**WORK INSTRUCTION:** Would you transcribe word for word every line from the one containing "w (A \<union>" to the end of the data, both ends included, and leave out the rest?

**ENTRIES PROVIDED:**
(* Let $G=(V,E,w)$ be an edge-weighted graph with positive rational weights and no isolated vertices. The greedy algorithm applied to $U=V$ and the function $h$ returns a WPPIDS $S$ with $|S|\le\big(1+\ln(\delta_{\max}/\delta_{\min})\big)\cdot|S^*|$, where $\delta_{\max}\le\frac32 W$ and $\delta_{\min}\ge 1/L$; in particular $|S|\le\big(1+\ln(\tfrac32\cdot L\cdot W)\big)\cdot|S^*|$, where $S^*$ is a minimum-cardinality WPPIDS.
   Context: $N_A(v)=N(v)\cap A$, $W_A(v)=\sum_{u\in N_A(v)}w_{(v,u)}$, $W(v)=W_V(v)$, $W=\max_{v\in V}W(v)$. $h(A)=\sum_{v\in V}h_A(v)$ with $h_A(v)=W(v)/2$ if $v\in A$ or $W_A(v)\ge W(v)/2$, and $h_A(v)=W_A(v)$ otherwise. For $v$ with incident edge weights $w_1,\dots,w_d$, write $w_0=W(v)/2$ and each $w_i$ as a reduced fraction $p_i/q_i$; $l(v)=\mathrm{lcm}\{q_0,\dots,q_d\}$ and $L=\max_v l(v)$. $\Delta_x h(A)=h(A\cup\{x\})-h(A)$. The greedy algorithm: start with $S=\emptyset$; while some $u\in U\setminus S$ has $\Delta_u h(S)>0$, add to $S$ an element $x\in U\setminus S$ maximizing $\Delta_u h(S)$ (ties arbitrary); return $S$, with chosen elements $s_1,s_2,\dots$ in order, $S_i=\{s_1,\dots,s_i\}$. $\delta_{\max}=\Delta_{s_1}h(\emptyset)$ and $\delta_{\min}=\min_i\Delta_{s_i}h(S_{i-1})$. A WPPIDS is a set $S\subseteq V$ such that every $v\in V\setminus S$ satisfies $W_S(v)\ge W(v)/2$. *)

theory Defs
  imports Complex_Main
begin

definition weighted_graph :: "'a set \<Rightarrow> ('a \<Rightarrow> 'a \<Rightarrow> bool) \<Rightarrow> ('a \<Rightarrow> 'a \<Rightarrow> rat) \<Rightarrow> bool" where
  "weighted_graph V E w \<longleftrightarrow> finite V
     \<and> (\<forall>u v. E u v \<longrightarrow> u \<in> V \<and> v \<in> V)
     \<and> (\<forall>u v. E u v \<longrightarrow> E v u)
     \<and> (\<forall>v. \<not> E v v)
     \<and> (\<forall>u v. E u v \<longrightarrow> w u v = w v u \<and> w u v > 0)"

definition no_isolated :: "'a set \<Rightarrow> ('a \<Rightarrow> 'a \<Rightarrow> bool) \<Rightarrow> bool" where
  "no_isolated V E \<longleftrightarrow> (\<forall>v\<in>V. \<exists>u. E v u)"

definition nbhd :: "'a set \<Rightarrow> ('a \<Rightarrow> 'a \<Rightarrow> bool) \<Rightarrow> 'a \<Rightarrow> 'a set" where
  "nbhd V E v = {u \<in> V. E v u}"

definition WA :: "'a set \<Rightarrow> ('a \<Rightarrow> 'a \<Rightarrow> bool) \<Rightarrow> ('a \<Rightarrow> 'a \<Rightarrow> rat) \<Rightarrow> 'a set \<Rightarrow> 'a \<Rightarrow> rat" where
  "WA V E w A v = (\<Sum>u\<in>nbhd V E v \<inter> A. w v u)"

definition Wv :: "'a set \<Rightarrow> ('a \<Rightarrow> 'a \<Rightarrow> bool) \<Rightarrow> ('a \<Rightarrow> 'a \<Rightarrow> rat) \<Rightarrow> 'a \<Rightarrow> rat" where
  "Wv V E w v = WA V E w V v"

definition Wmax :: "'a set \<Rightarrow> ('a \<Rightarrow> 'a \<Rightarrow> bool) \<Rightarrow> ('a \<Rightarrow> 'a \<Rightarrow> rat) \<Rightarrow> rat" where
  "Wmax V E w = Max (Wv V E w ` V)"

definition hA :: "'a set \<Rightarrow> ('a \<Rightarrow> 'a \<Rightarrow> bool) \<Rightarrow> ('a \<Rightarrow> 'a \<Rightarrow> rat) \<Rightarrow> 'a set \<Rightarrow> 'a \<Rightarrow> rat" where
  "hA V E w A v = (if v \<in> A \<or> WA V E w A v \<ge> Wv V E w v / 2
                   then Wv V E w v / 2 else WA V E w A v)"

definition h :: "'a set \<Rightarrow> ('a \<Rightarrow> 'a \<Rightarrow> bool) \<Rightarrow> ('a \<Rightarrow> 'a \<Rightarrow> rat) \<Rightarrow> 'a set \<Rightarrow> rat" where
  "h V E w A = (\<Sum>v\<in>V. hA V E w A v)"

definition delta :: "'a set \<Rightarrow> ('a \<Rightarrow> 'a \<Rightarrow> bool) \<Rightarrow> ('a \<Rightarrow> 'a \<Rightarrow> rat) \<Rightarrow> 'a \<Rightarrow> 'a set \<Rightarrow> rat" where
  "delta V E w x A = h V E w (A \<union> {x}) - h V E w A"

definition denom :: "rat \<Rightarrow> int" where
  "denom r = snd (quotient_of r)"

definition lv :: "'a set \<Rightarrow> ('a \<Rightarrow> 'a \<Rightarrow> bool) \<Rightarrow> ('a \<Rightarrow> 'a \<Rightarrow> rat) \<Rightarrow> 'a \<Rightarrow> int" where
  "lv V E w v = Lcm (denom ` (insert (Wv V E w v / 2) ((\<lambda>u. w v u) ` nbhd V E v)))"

**PROBLEM SOLUTION:**
  "delta V E w x A = h V E w (A \<union> {x}) - h V E w A"

definition denom :: "rat \<Rightarrow> int" where
  "denom r = snd (quotient_of r)"

definition lv :: "'a set \<Rightarrow> ('a \<Rightarrow> 'a \<Rightarrow> bool) \<Rightarrow> ('a \<Rightarrow> 'a \<Rightarrow> rat) \<Rightarrow> 'a \<Rightarrow> int" where
  "lv V E w v = Lcm (denom ` (insert (Wv V E w v / 2) ((\<lambda>u. w v u) ` nbhd V E v)))"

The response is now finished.